┌──

lemma synthesis_operator_exists:
  fixes P :: "nat \<Rightarrow> real mat"
  assumes P: "\<And>i. i < length Ls \<Longrightarrow> orth_proj N (P i) \<and> vec_space.rank N (P i) = Ls ! i"
    and sum: "mat_sum N P (length Ls) = \<alpha> \<cdot>\<^sub>m 1\<^sub>m N"
  obtains V where "V \<in> carrier_mat N (sum_list Ls)" "V * V\<^sup>T = \<alpha> \<cdot>\<^sub>m 1\<^sub>m N"
    "\<And>i. i < length Ls \<Longrightarrow> (V * block_embedding Ls i)\<^sup>T * (V * block_embedding Ls i) = 1\<^sub>m (Ls ! i)"
proof -
  let ?E = "block_embedding Ls"
  have "\<exists>U. U \<in> carrier_mat N (Ls ! i) \<and> U\<^sup>T * U = 1\<^sub>m (Ls ! i) \<and> U * U\<^sup>T = P i"
    if "i < length Ls" for i
    using orth_proj_isometry_factor[of N "P i"] P[OF that] by metis
  then obtain U where U: "\<And>i. i < length Ls \<Longrightarrow>
      U i \<in> carrier_mat N (Ls ! i) \<and> (U i)\<^sup>T * U i = 1\<^sub>m (Ls ! i) \<and> U i * (U i)\<^sup>T = P i"
    by metis
  obtain V where V: "V \<in> carrier_mat N (sum_list Ls)" "\<And>i. i < length Ls \<Longrightarrow> V * ?E i = U i"
    using block_row_exists[of Ls U N] U by blast
  have "V * V\<^sup>T = mat_sum_rect N N (\<lambda>i. (V * ?E i) * ((?E i)\<^sup>T * V\<^sup>T)) (length Ls)"
    using mult_eq_sum_over_blocks[OF V(1), of "V\<^sup>T"] V(1) by simp
  also have "\<dots> = mat_sum_rect N N P (length Ls)"
  proof (intro mat_sum_rect_cong)
    fix i assume i: "i < length Ls"
    have "(?E i)\<^sup>T * V\<^sup>T = (V * ?E i)\<^sup>T" using transpose_mult[OF V(1) block_embedding_carrier] by simp
    then show "(V * ?E i) * ((?E i)\<^sup>T * V\<^sup>T) = P i" using U[OF i] V(2)[OF i] by simp
  qed
  also have "\<dots> = \<alpha> \<cdot>\<^sub>m 1\<^sub>m N"
    using sum mat_sum_eq_mat_sum_rect[of "length Ls" P N] P unfolding orth_proj_def by simp
  finally show ?thesis using that V U by simp
qed

lemma tight_fusion_frame_complement:
  assumes V: "V \<in> carrier_mat N (sum_list Ls)" "V * V\<^sup>T = \<alpha> \<cdot>\<^sub>m 1\<^sub>m N" and \<alpha>: "1 < \<alpha>"
    and VE: "\<And>i. i < length Ls \<Longrightarrow>
      (V * block_embedding Ls i)\<^sup>T * (V * block_embedding Ls i) = 1\<^sub>m (Ls ! i)"
  shows "\<exists>R. (\<forall>i<length Ls. orth_proj (sum_list Ls - N) (R i) \<and>
      vec_space.rank (sum_list Ls - N) (R i) = Ls ! i) \<and>
    mat_sum (sum_list Ls - N) R (length Ls) = (\<alpha> / (\<alpha> - 1)) \<cdot>\<^sub>m 1\<^sub>m (sum_list Ls - N)"
proof -
  let ?E = "block_embedding Ls" and ?M = "sum_list Ls"
  define Q where "Q = 1\<^sub>m ?M - (1 / \<alpha>) \<cdot>\<^sub>m (V\<^sup>T * V)"
  have Q: "orth_proj ?M Q" "trace Q = real ?M - real N"
    unfolding Q_def using orth_proj_complement orth_proj_scaled_gram[OF _ V(2)] V(1) \<alpha> by auto
  define r where "r = vec_space.rank ?M Q"
  obtain W where W: "W \<in> carrier_mat ?M r" "W\<^sup>T * W = 1\<^sub>m r" "W * W\<^sup>T = Q"
    using orth_proj_isometry_factor[OF Q(1)] unfolding r_def .
  have r: "r = ?M - N" using orth_proj_rank_eq_trace[OF Q(1)] Q(2) unfolding r_def by linarith
  define X where "X i = (?E i)\<^sup>T * W" for i
  have X: "X i \<in> carrier_mat (Ls ! i) r" for i
    unfolding X_def by (rule mult_carrier_mat[OF _ W(1)]) simp
  have XXt: "X i * (X i)\<^sup>T = (1 - 1 / \<alpha>) \<cdot>\<^sub>m 1\<^sub>m (Ls ! i)" if "i < length Ls" for i
    unfolding X_def using compression_of_gram_complement[OF _ _ V(1) VE[OF that] W(1)] W(3) that
    by (simp add: Q_def transpose_block_embedding_mult)
  define R where "R i = (1 / (1 - 1 / \<alpha>)) \<cdot>\<^sub>m ((X i)\<^sup>T * X i)" for i
  have "1 - 1 / \<alpha> \<noteq> 0" using \<alpha> by simp
  note R = orth_proj_scaled_gram[OF X XXt this, folded R_def]
  have "mat_sum r R (length Ls) = (1 / (1 - 1 / \<alpha>)) \<cdot>\<^sub>m mat_sum_rect r r (\<lambda>i. (X i)\<^sup>T * X i) (length Ls)"
  proof -
    have XtX: "(X i)\<^sup>T * X i \<in> carrier_mat r r" for i using X[of i] by simp
    then have "mat_sum r R (length Ls) = mat_sum_rect r r R (length Ls)"
      unfolding R_def by (intro mat_sum_eq_mat_sum_rect) simp
    then show ?thesis unfolding R_def using smult_mat_sum_rect[OF XtX] by simp
  qed
  also have "\<dots> = (\<alpha> / (\<alpha> - 1)) \<cdot>\<^sub>m 1\<^sub>m r"
    unfolding X_def block_compression_gram_sum[OF W(1)] W(2) using \<alpha> by (simp add: field_simps)
  moreover have "vec_space.rank r (R i) = Ls ! i" if "i < length Ls" for i
    using orth_proj_rank_eq_trace[OF R(1)[OF that]] R(2)[OF that] by simp
  ultimately show ?thesis using R(1) unfolding r[symmetric] by (intro exI[of _ R]) simp
qed

theorem theorem2p6:
  fixes N :: nat and \<alpha> :: real and Ls :: "nat list"
  assumes "0 < N" and "1 < \<alpha>" and "Ls \<in> TFF \<alpha> N"
  shows "Ls \<in> TFF (\<alpha> / (\<alpha> - 1)) (sum_list Ls - N)"
proof -
  obtain P where sorted: "sorted_wrt (\<ge>) Ls" and pos: "\<forall>L\<in>set Ls. 0 < L"
    and P: "\<forall>i<length Ls. orth_proj N (P i) \<and> vec_space.rank N (P i) = Ls ! i"
    and sum: "mat_sum N P (length Ls) = \<alpha> \<cdot>\<^sub>m 1\<^sub>m N"
    using assms(3) unfolding TFF_def by blast
  obtain V where "V \<in> carrier_mat N (sum_list Ls)" "V * V\<^sup>T = \<alpha> \<cdot>\<^sub>m 1\<^sub>m N"
    "\<And>i. i < length Ls \<Longrightarrow> (V * block_embedding Ls i)\<^sup>T * (V * block_embedding Ls i) = 1\<^sub>m (Ls ! i)"
    using synthesis_operator_exists[of Ls N P \<alpha>] P sum by blast
  from tight_fusion_frame_complement[OF this(1,2) assms(2) this(3)]
  show ?thesis unfolding TFF_def using sorted pos by blast
qed

end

└──

[WHAT THE EXERCISE ASKS] Copy exactly the opening line of the material, the line bearing "block_embedding_carrier] by simp", and every line between them. Include nothing else.

[FINISHED TASK]
lemma synthesis_operator_exists:
  fixes P :: "nat \<Rightarrow> real mat"
  assumes P: "\<And>i. i < length Ls \<Longrightarrow> orth_proj N (P i) \<and> vec_space.rank N (P i) = Ls ! i"
    and sum: "mat_sum N P (length Ls) = \<alpha> \<cdot>\<^sub>m 1\<^sub>m N"
  obtains V where "V \<in> carrier_mat N (sum_list Ls)" "V * V\<^sup>T = \<alpha> \<cdot>\<^sub>m 1\<^sub>m N"
    "\<And>i. i < length Ls \<Longrightarrow> (V * block_embedding Ls i)\<^sup>T * (V * block_embedding Ls i) = 1\<^sub>m (Ls ! i)"
proof -
  let ?E = "block_embedding Ls"
  have "\<exists>U. U \<in> carrier_mat N (Ls ! i) \<and> U\<^sup>T * U = 1\<^sub>m (Ls ! i) \<and> U * U\<^sup>T = P i"
    if "i < length Ls" for i
    using orth_proj_isometry_factor[of N "P i"] P[OF that] by metis
  then obtain U where U: "\<And>i. i < length Ls \<Longrightarrow>
      U i \<in> carrier_mat N (Ls ! i) \<and> (U i)\<^sup>T * U i = 1\<^sub>m (Ls ! i) \<and> U i * (U i)\<^sup>T = P i"
    by metis
  obtain V where V: "V \<in> carrier_mat N (sum_list Ls)" "\<And>i. i < length Ls \<Longrightarrow> V * ?E i = U i"
    using block_row_exists[of Ls U N] U by blast
  have "V * V\<^sup>T = mat_sum_rect N N (\<lambda>i. (V * ?E i) * ((?E i)\<^sup>T * V\<^sup>T)) (length Ls)"
    using mult_eq_sum_over_blocks[OF V(1), of "V\<^sup>T"] V(1) by simp
  also have "\<dots> = mat_sum_rect N N P (length Ls)"
  proof (intro mat_sum_rect_cong)
    fix i assume i: "i < length Ls"
    have "(?E i)\<^sup>T * V\<^sup>T = (V * ?E i)\<^sup>T" using transpose_mult[OF V(1) block_embedding_carrier] by simp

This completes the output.